Boston: Researchers from Massachusetts Institute of Technology have developed a system that enables driverless cars to navigate through new, complex environments by using maps and visual input. Current driverless cars do not have this basic reasoning and lack this ability.
The system has the ability to detect mismatches between maps and features of the road, thus determining whether a contradiction exists or vice versa. The system learns the steering pattern of human drivers using video camera data and simple GPS-like maps. It relies on complex maps made by 3D scans which are computationally intensive to generate and processed on the go.
“Our objective is to achieve autonomous navigation that is robust for driving in new environments,” said Daniela Rus from Massachusetts Institute of Technology (MIT).
The system, installed in a driverless Toyota Prius was initially trained by a human operator.
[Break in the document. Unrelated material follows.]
(* Let the parent function on $Q_1\setminus\{o\}$ be defined by the rule below, and for $p\in Q_1$ let $R(p)$ be the set consisting of $p$, its parent, the parent of its parent, and so on until $o$ is reached. Then for every $p\in Q_1$, $R(p)$ has error less than $1.5$ in the $L_\infty$ metric, i.e. every $v\in R(p)$ has $L_\infty$ distance less than $1.5$ from the Euclidean segment $\overline{op}$. Parent rule, applied to each $p\in Q_1\setminus\{o\}$ (first applicable case): (1) if $p_x\le 1$ and $p\neq(1,0)$, the parent is $p^\downarrow$; (2) else if $p_y\le 1$, the parent is $p^\leftarrow$; (3) else if $p_y=2$ and $D(p)$ is a power of $2$, the parent is $p^\downarrow$; (4) else if $D(p)-1$ is a power of $2$, the parent is whichever of $p^\downarrow,p^\leftarrow$ has odd $x$-coordinate; (5) otherwise, let $Z_i^j$ be the zone containing $p$, and the parent is whichever of $p^\downarrow,p^\leftarrow$ is closer to the point $\mathrm{Mid}(i,j,D(p)-1)$, ties broken arbitrarily.
   Context: Let $o=(0,0)$ and $Q_1=\{p\in\mathbb{Z}^2: p_x\ge0,p_y\ge0\}$. For $p\in\mathbb{Z}^2$ let $D(p)=p_x+p_y$ (the diagonal of $p$), $p^\leftarrow=(p_x-1,p_y)$, $p^\downarrow=(p_x,p_y-1)$. For a point $q\ne o$ in the closed first quadrant let $M(q)=q_y/q_x$ if $q_x>0$ and $M(q)=\infty$ otherwise, and let $\ell(q)$ be the Euclidean line through $o$ and $q$. A point $r$ is "below $\ell(q)$" if $M(r)\le M(q)$ and "above $\ell(q)$" if $M(r)>M(q)$. For integers $i\ge2$ and $1\le j\le 2^i-1$ let $v_i^j=(j,2^i-j)$. For $1\le j\le 2^i-2$, the zone $Z_i^j$ is the set of all $r\in\mathbb{R}^2$ in the first quadrant with $2^i<r_x+r_y\le 2^{i+1}$, $r$ below $\ell(v_i^j)$ and $r$ above $\ell(v_i^{j+1})$. For a real $d$ with $2^i<d<2^{i+1}$, $\mathrm{Mid}(i,j,d)$ is the point on the line $x+y=d$ whose $L_\infty$ distances to $\ell(v_i^j)$ and $\ell(v_i^{j+1})$ are equal (the midpoint of the two intersection points of these lines with $x+y=d$). "Closer" in case (5) refers to $L_\infty$ distance. (Every point reaching case (5) lies in exactly one zone.) *)

theory Defs
  imports Complex_Main "HOL-Library.Extended_Real"
begin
The car was equipped with several cameras and basic GPS navigation system. It first collected data from the suburban streets and analysed the road structures and obstacles on the way.
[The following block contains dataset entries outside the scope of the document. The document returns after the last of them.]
(* In a public goods economy (as in the context), let $\mathbf{a}$ be an outcome, let $K$ be a path connected component of $\mathbf{D}_{\mathbf{a}}=\{\mathbf{a}'\in[0,1]^n:\mathbf{u}(\mathbf{a})\ge\mathbf{u}(\mathbf{a}')\}$, and let $\mathbf{x}\in K$ lie on the lower envelope of $K$, i.e. there is no $\mathbf{x}'\in K$ with $\mathbf{x}'\lneq\mathbf{x}$. Then for some (possibly empty) set of agents $C\subseteq N$ we have $\mathbf{u}_C(\mathbf{x})=\mathbf{u}_C(\mathbf{a})$ and $\mathbf{x}_{N\setminus C}=\mathbf{0}_{N\setminus C}$.
   Context: Agents $N=\{1,\dots,n\}$; outcomes are vectors in $[0,1]^n$. Vector orderings: $\mathbf{x}\ge\mathbf{y}$ coordinatewise; $\mathbf{x}>\mathbf{y}$ strict in every coordinate; $\mathbf{x}\gneq\mathbf{y}$ means $\mathbf{x}\ge\mathbf{y}$ and $x_j>y_j$ for some $j$ ($\mathbf{x}\lneq\mathbf{y}$ means $\mathbf{y}\gneq\mathbf{x}$). For $C\subseteq N$, $\mathbf{v}_C$ is the restriction of $\mathbf{v}$ to coordinates in $C$. The utility function $\mathbf{u}:[0,1]^n\to[0,1]^n$ is continuous, concave, and has positive externalities: whenever $\mathbf{a}\gneq\mathbf{a}'$ and $a_i=a'_i$, then $u_i(\mathbf{a})>u_i(\mathbf{a}')$. *)

theory Defs
  imports "HOL-Analysis.Analysis"
begin

text \<open>Outcomes: vectors in [0,1]^n, agents indexed by the finite type 'n.\<close>
definition unit_cube :: "(real ^ 'n) set" where
  "unit_cube = {x. \<forall>i. 0 \<le> x $ i \<and> x $ i \<le> 1}"

text \<open>Public goods economy: u maps [0,1]^n to [0,1]^n, continuous, concave
  (each coordinate concave), with positive externalities.\<close>
definition public_goods_utility :: "(real ^ 'n \<Rightarrow> real ^ 'n) \<Rightarrow> bool" where
  "public_goods_utility u \<longleftrightarrow>
     (\<forall>x \<in> unit_cube. u x \<in> unit_cube) \<and>
     continuous_on unit_cube u \<and>
     (\<forall>i. concave_on unit_cube (\<lambda>x. u x $ i)) \<and>
     (\<forall>a \<in> unit_cube. \<forall>a' \<in> unit_cube. \<forall>i.
        ((\<forall>j. a' $ j \<le> a $ j) \<and> (\<exists>j. a' $ j < a $ j) \<and> a $ i = a' $ i)
          \<longrightarrow> u a $ i > u a' $ i)"

definition lower_set :: "(real ^ 'n \<Rightarrow> real ^ 'n) \<Rightarrow> real ^ 'n \<Rightarrow> (real ^ 'n) set" where
  "lower_set u a = {a' \<in> unit_cube. \<forall>i. u a' $ i \<le> u a $ i}"

end

theory Submission
  imports Defs
begin

text \<open>Take \<open>C\<close> to be the agents whose utility bound is tight at \<open>x\<close>. If some agent
  \<open>i \<notin> C\<close> had \<open>x\<^sub>i > 0\<close>, lower \<open>x\<^sub>i\<close> slightly: by continuity \<open>u\<^sub>i\<close> stays below
  \<open>u\<^sub>i(a)\<close>, and by positive externalities every other agent's utility strictly drops. So a
  short segment from \<open>x\<close> downwards stays in \<open>D\<^sub>a\<close>, hence in the component \<open>K\<close>, and its
  endpoint lies strictly below \<open>x\<close> in coordinate \<open>i\<close>, contradicting minimality.\<close>

lemma unit_cube_minus_axis:
  assumes "x \<in> unit_cube" "0 \<le> s" "s \<le> x $ i"
  shows "x - s *\<^sub>R axis i 1 \<in> unit_cube"
  unfolding unit_cube_def
proof (intro CollectI allI)
  fix j
  have "0 \<le> x $ j" "x $ j \<le> 1" using assms(1) by (auto simp: unit_cube_def)
  then show "0 \<le> (x - s *\<^sub>R axis i 1) $ j \<and> (x - s *\<^sub>R axis i 1) $ j \<le> 1"
    using assms(2,3) by (auto simp: axis_def)
qed

lemma utility_minus_axis_less:
  assumes "public_goods_utility u" "x \<in> unit_cube" "0 < s" "s \<le> x $ i" "j \<noteq> i"
  shows "u (x - s *\<^sub>R axis i 1) $ j < u x $ j"
proof -
  have "x - s *\<^sub>R axis i 1 \<in> unit_cube"
    using assms by (intro unit_cube_minus_axis) auto
  moreover have "\<forall>k. (x - s *\<^sub>R axis i 1) $ k \<le> x $ k" "(x - s *\<^sub>R axis i 1) $ i < x $ i"
    "(x - s *\<^sub>R axis i 1) $ j = x $ j"
    using assms by (auto simp: axis_def)
  ultimately show ?thesis
    using assms(1,2) unfolding public_goods_utility_def by (metis (no_types, lifting))
qed

lemma lower_set_minus_axis:
  assumes "public_goods_utility u" "x \<in> lower_set u a" "0 \<le> s" "s \<le> x $ i"
    and "u (x - s *\<^sub>R axis i 1) $ i \<le> u a $ i"
  shows "x - s *\<^sub>R axis i 1 \<in> lower_set u a"
proof (cases "s = 0")
  case False
  have x: "x \<in> unit_cube" "\<And>j. u x $ j \<le> u a $ j"
    using assms(2) by (auto simp: lower_set_def)
  have "u (x - s *\<^sub>R axis i 1) $ j \<le> u a $ j" for j
    using assms(3-5) False x utility_minus_axis_less[OF assms(1) x(1), of s i j]
    by (cases "j = i") (auto intro: order_trans[OF less_imp_le x(2)])
  then show ?thesis
    using unit_cube_minus_axis[OF x(1) assms(3,4)] by (simp add: lower_set_def)
qed (use assms in simp)

lemma closed_segment_minus_scaleR:
  fixes x v :: "'a::real_vector"
  assumes "z \<in> closed_segment x (x - d *\<^sub>R v)" "0 \<le> d"
  obtains s where "0 \<le> s" "s \<le> d" "z = x - s *\<^sub>R v"
proof -
  obtain t where t: "0 \<le> t" "t \<le> 1" and z: "z = (1 - t) *\<^sub>R x + t *\<^sub>R (x - d *\<^sub>R v)"
    using assms(1) unfolding closed_segment_def by blast
  have "z = x - (t * d) *\<^sub>R v"
    by (simp add: z algebra_simps)
  moreover have "0 \<le> t * d" "t * d \<le> d"
    using t assms(2) by (auto intro: mult_left_le_one_le)
  ultimately show ?thesis using that by blast
qed

lemma lower_set_contains_descent_segment:
  assumes econ: "public_goods_utility u" and x: "x \<in> lower_set u a"
    and pos: "0 < x $ i" and slack: "u x $ i < u a $ i"
  obtains \<delta> where "0 < \<delta>" "\<delta> \<le> x $ i"
    "closed_segment x (x - \<delta> *\<^sub>R axis i 1) \<subseteq> lower_set u a"
proof -
  have xc: "x \<in> unit_cube" using x by (simp add: lower_set_def)
  have "continuous_on unit_cube u" using econ by (simp add: public_goods_utility_def)
  then obtain d where d: "0 < d"
    and close: "\<And>z. z \<in> unit_cube \<Longrightarrow> dist z x < d \<Longrightarrow> dist (u z) (u x) < u a $ i - u x $ i"
    using xc slack unfolding continuous_on_iff by (meson diff_gt_0_iff_gt)
  define \<delta> where "\<delta> = min (x $ i) (d / 2)"
  have \<delta>: "0 < \<delta>" "\<delta> \<le> x $ i" "\<delta> < d" using d pos by (auto simp: \<delta>_def)
  have "x - s *\<^sub>R axis i 1 \<in> lower_set u a" if s: "0 \<le> s" "s \<le> \<delta>" for s
  proof (rule lower_set_minus_axis[OF econ x s(1)])
    show "s \<le> x $ i" using s \<delta> by linarith
    then have "x - s *\<^sub>R axis i 1 \<in> unit_cube" by (rule unit_cube_minus_axis[OF xc s(1)])
    moreover have "dist (x - s *\<^sub>R axis i 1) x < d" using s \<delta> by (simp add: dist_norm)
    ultimately have "dist (u (x - s *\<^sub>R axis i 1)) (u x) < u a $ i - u x $ i" by (rule close)
    moreover have "dist (u (x - s *\<^sub>R axis i 1) $ i) (u x $ i) \<le> dist (u (x - s *\<^sub>R axis i 1)) (u x)"
      by (rule dist_vec_nth_le)
    ultimately show "u (x - s *\<^sub>R axis i 1) $ i \<le> u a $ i"
      by (simp add: dist_real_def)
  qed
  then have "closed_segment x (x - \<delta> *\<^sub>R axis i 1) \<subseteq> lower_set u a"
    using \<delta>(1) by (auto elim: closed_segment_minus_scaleR)
  with \<delta> that show ?thesis by blast
qed

theorem claim6:
  fixes u :: "real ^ 'n \<Rightarrow> real ^ 'n" and a x :: "real ^ 'n" and K :: "(real ^ 'n) set"
  assumes econ: "public_goods_utility u"
    and a_out: "a \<in> unit_cube"
    and K_comp: "\<exists>y \<in> lower_set u a. K = path_component_set (lower_set u a) y"
    and xK: "x \<in> K"
    and lower: "\<not> (\<exists>x' \<in> K. (\<forall>j. x' $ j \<le> x $ j) \<and> (\<exists>j. x' $ j < x $ j))"
  shows "\<exists>C :: 'n set. (\<forall>i \<in> C. u x $ i = u a $ i) \<and> (\<forall>i. i \<notin> C \<longrightarrow> x $ i = 0)"
proof (intro exI[of _ "{i. u x $ i = u a $ i}"] conjI allI impI; simp)
  fix i assume tight: "u x $ i \<noteq> u a $ i"
  obtain y where K: "K = path_component_set (lower_set u a) y" using K_comp by blast
  have yx: "path_component (lower_set u a) y x" using xK K by simp
  then have x: "x \<in> lower_set u a" by (rule path_component_mem(2))
  then have slack: "u x $ i < u a $ i" and "0 \<le> x $ i"
    using tight by (auto simp: lower_set_def unit_cube_def less_le)
  show "x $ i = 0"
  proof (rule ccontr)
    assume "x $ i \<noteq> 0"
    with \<open>0 \<le> x $ i\<close> have "0 < x $ i" by simp
    then obtain \<delta> where \<delta>: "0 < \<delta>"
      and seg: "closed_segment x (x - \<delta> *\<^sub>R axis i 1) \<subseteq> lower_set u a"
      using lower_set_contains_descent_segment[OF econ x _ slack] by blast
    have "x - \<delta> *\<^sub>R axis i 1 \<in> K"
      using path_component_trans[OF yx path_component_linepath[OF seg]] K by simp
    moreover have "\<forall>j. (x - \<delta> *\<^sub>R axis i 1) $ j \<le> x $ j" "(x - \<delta> *\<^sub>R axis i 1) $ i < x $ i"
      using \<delta> by (auto simp: axis_def)
    ultimately show False using lower by blast
  qed
qed

end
On testing autonomously, the system successfully navigated the car in a pre-planned path in a different forested area designed for testing autonomous vehicles.
“With our system, you don’t need to train on every road before hand. You can download a new map for the car to navigate through roads it has never seen before,” said Alexander Amini from MIT.
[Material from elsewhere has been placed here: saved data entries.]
lemma model_hom_images:
  assumes "2 < p" "\<theta> \<in> hom (model_group p) (model_group p)"
    and d: "\<theta> model_d = mod4 p (0, 0, 0, k)" and c: "\<theta> model_c = mod4 p (x, y, z, w)"
  shows "\<theta> model_b = mod4 p (2 * k * y + k\<^sup>2 * z, k * z, 0, 0)"
    and "\<theta> model_a = mod4 p (2 * k\<^sup>2 * z, 0, 0, 0)"
    and "[2 * w * k * z = 0] (mod int p)"
proof -
  let ?M = "model_group p"
  interpret M: G10_group ?M p model_a model_b model_c model_d
    using assms group_model_group model_G10_relations by (simp add: G10_group_def G10_group_axioms_def)
  interpret \<theta>: group_hom ?M ?M \<theta>
    using assms(2) by (simp add: group_hom_def group_hom_axioms_def M.is_group)
  have conj: "\<theta> model_d \<otimes>\<^bsub>?M\<^esub> \<theta> g = \<theta> g' \<otimes>\<^bsub>?M\<^esub> \<theta> g \<otimes>\<^bsub>?M\<^esub> \<theta> model_d"
    if "model_d \<otimes>\<^bsub>?M\<^esub> g = g' \<otimes>\<^bsub>?M\<^esub> g \<otimes>\<^bsub>?M\<^esub> model_d" "g \<in> carrier ?M" "g' \<in> carrier ?M" for g g'
    using that by (metis \<theta>.hom_mult M.m_closed M.generators_closed(4))
  have cancel: "\<theta> g' = mod4 p v"
    if "\<theta> model_d \<otimes>\<^bsub>?M\<^esub> \<theta> g = mod4 p v \<otimes>\<^bsub>?M\<^esub> \<theta> g \<otimes>\<^bsub>?M\<^esub> \<theta> model_d"
      "\<theta> model_d \<otimes>\<^bsub>?M\<^esub> \<theta> g = \<theta> g' \<otimes>\<^bsub>?M\<^esub> \<theta> g \<otimes>\<^bsub>?M\<^esub> \<theta> model_d"
      "g \<in> carrier ?M" "g' \<in> carrier ?M" for g g' v
    using that assms(1) by (simp add: M.m_assoc mod4_in_carrier)
  have eq_c: "\<theta> model_d \<otimes>\<^bsub>?M\<^esub> \<theta> model_c =
        mod4 p (2 * k * y + k\<^sup>2 * z, k * z, 0, 0) \<otimes>\<^bsub>?M\<^esub> \<theta> model_c \<otimes>\<^bsub>?M\<^esub> \<theta> model_d"
    unfolding c d mod4_mult_mod4 by (simp add: algebra_simps)
  show b: "\<theta> model_b = mod4 p (2 * k * y + k\<^sup>2 * z, k * z, 0, 0)"
    using cancel[OF eq_c conj[OF M.conj_d(1)]] by simp
  have eq_b: "\<theta> model_d \<otimes>\<^bsub>?M\<^esub> \<theta> model_b =
        mod4 p (2 * k\<^sup>2 * z, 0, 0, 0) \<otimes>\<^bsub>?M\<^esub> \<theta> model_b \<otimes>\<^bsub>?M\<^esub> \<theta> model_d"
    unfolding b d mod4_mult_mod4 by (simp add: algebra_simps power2_eq_square)
  show "\<theta> model_a = mod4 p (2 * k\<^sup>2 * z, 0, 0, 0)"
    using cancel[OF eq_b conj[OF M.conj_d(2)]] by simp
  have "\<theta> model_b \<otimes>\<^bsub>?M\<^esub> \<theta> model_c = \<theta> model_c \<otimes>\<^bsub>?M\<^esub> \<theta> model_b"
    using M.generators_commute(2) by (simp flip: \<theta>.hom_mult)
  then have "[2 * k * y + k\<^sup>2 * z + x = x + (2 * k * y + k\<^sup>2 * z) + 2 * w * (k * z)] (mod int p)"
    unfolding b c mod4_mult_mod4 by (simp add: cong_def)
  then show "[2 * w * k * z = 0] (mod int p)"
    by (simp add: cong_iff_dvd_diff algebra_simps)
qed

lemma model_hom_determined_by_c_d:
  assumes "2 < p" "odd p" "\<theta> \<in> hom (model_group p) (model_group p)" "\<theta>' \<in> hom (model_group p) (model_group p)"
    and "\<theta> model_d = mod4 p (0, 0, 0, k)" "\<theta>' model_d = \<theta> model_d" "\<theta>' model_c = \<theta> model_c"
    and "m \<in> carrier (model_group p)"
  shows "\<theta>' m = \<theta> m"
proof -
  interpret M: group "model_group p"
    using group_model_group assms by simp
  have "\<theta> model_c \<in> carrier (model_group p)"
    using assms(3) model_generators_closed[OF assms(1)] by (auto simp: hom_def)
  then obtain x y z w where "\<theta> model_c = mod4 p (x, y, z, w)"
    by (metis mod4_carrier prod_cases4)
  then have "\<theta>' g = \<theta> g" if "g \<in> {model_a, model_b, model_c, model_d}" for g
    using that model_hom_images[OF assms(1,3)] model_hom_images[OF assms(1,4)] assms by auto
  then show ?thesis
    using assms hom_eq_on_generate[OF M.is_group M.is_group assms(4,3) model_generators_closed]
      model_generated by blast
qed

lemma model_inj_hom_params:
  assumes "Factorial_Ring.prime p" "2 < p"
    and "\<theta> \<in> hom (model_group p) (model_group p)" "inj_on \<theta> (carrier (model_group p))"
    and "\<theta> model_d = mod4 p (0, 0, 0, k)" "\<theta> model_c = mod4 p (x, y, z, w)"
  shows "\<not> int p dvd k" "\<not> int p dvd z" "int p dvd w"
proof -
  let ?M = "model_group p"
  interpret M: group ?M
    using group_model_group assms by simp
  note images = model_hom_images[OF assms(2,3,5,6)]
  have "(0, 0, 0, 0) \<in> carrier ?M" "model_a \<in> carrier ?M" "model_a \<noteq> (0, 0, 0, 0)"
    using model_generators_closed[OF assms(2)] assms(2) by (auto simp: model_group_carrier model_a_def)
  then have "\<theta> model_a \<noteq> \<theta> (0, 0, 0, 0)"
    using assms(4) by (metis inj_onD)
  moreover have "\<theta> (0, 0, 0, 0) = (0, 0, 0, 0)"
    using hom_one[OF assms(3) M.is_group M.is_group] by (simp add: model_group_one)
  ultimately have "(2 * k\<^sup>2 * z) mod int p \<noteq> 0"
    using images(2) by simp
  then have nd: "\<not> int p dvd 2 * k\<^sup>2 * z"
    by (simp add: dvd_eq_mod_eq_0)
  show k: "\<not> int p dvd k"
    using nd by (metis dvd_mult dvd_mult2 power2_eq_square)
  show z: "\<not> int p dvd z"
    using nd by (metis dvd_mult)
  have "\<not> int p dvd 2"
    using nd by (metis dvd_mult2)
  moreover have "Factorial_Ring.prime (int p)"
    using assms(1) by simp
  ultimately show "int p dvd w"
    using images(3) k z by (auto simp: cong_0_iff prime_dvd_mult_iff)
qed

lemma AutK_model_params:
  assumes "Factorial_Ring.prime p" "2 < p" "\<theta> \<in> carrier (AutK (model_group p) (model_K p))"
  shows "\<exists>k x y z. \<theta> model_d = mod4 p (0, 0, 0, k) \<and> \<theta> model_c = mod4 p (x, y, z, 0) \<and>
           \<not> int p dvd k \<and> \<not> int p dvd z"
proof -
  let ?M = "model_group p"
  have auto: "\<theta> \<in> auto ?M" "\<theta> ` model_K p = model_K p"
    using assms by (auto simp: carrier_AutK)
  then have hom: "\<theta> \<in> hom ?M ?M" and inj: "inj_on \<theta> (carrier ?M)"
    by (auto simp: auto_def Bij_def bij_betw_def)
  have "model_d \<in> model_K p"
    using assms by (simp add: model_d_def model_K_def)
  then have "\<theta> model_d \<in> model_K p"
    using auto by blast
  then obtain k where "\<theta> model_d = (0, 0, 0, k)" "0 \<le> k" "k < int p"
    by (auto simp: model_K_def)
  then have d: "\<theta> model_d = mod4 p (0, 0, 0, k)"
    by simp
  have "\<theta> model_c \<in> carrier ?M"
    using hom model_generators_closed[OF assms(2)] by (auto simp: hom_def)
  then obtain x y z w where c: "\<theta> model_c = mod4 p (x, y, z, w)"
    by (metis mod4_carrier prod_cases4)
  note params = model_inj_hom_params[OF assms(1,2) hom inj d c]
  then have "\<theta> model_c = mod4 p (x, y, z, 0)"
    using c by (simp add: dvd_eq_mod_eq_0)
  then show ?thesis
    using d params by blast
qed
The system uses a machine learning model called a Conventional Neural Network (CNN), which is used very commonly in systems requiring image recognition. While training, CNN learns how to steer from human by correlating it with the curvature of the road and observing the map simultaneously. While in other situations like straight roads, four-way or T-shaped intersections, forks and rotaries it learns the most common used steering pattern used in these situations.
“In the real world, sensors do fail. We want to make sure that the system is robust to different failures of different sensors by building a system that can accept these noisy inputs and still navigate and localize itself correctly on the road”, Amini said.
The researchers say that the system uses maps that are easy to store and process. Typically the autonomous control systems use LIDAR scans to create complex maps that require large memory (for instance a LIDAR map of a city like San Francisco takes about 4 TB of memory while the map used in this system can store the entire world’s data in just 40 GB).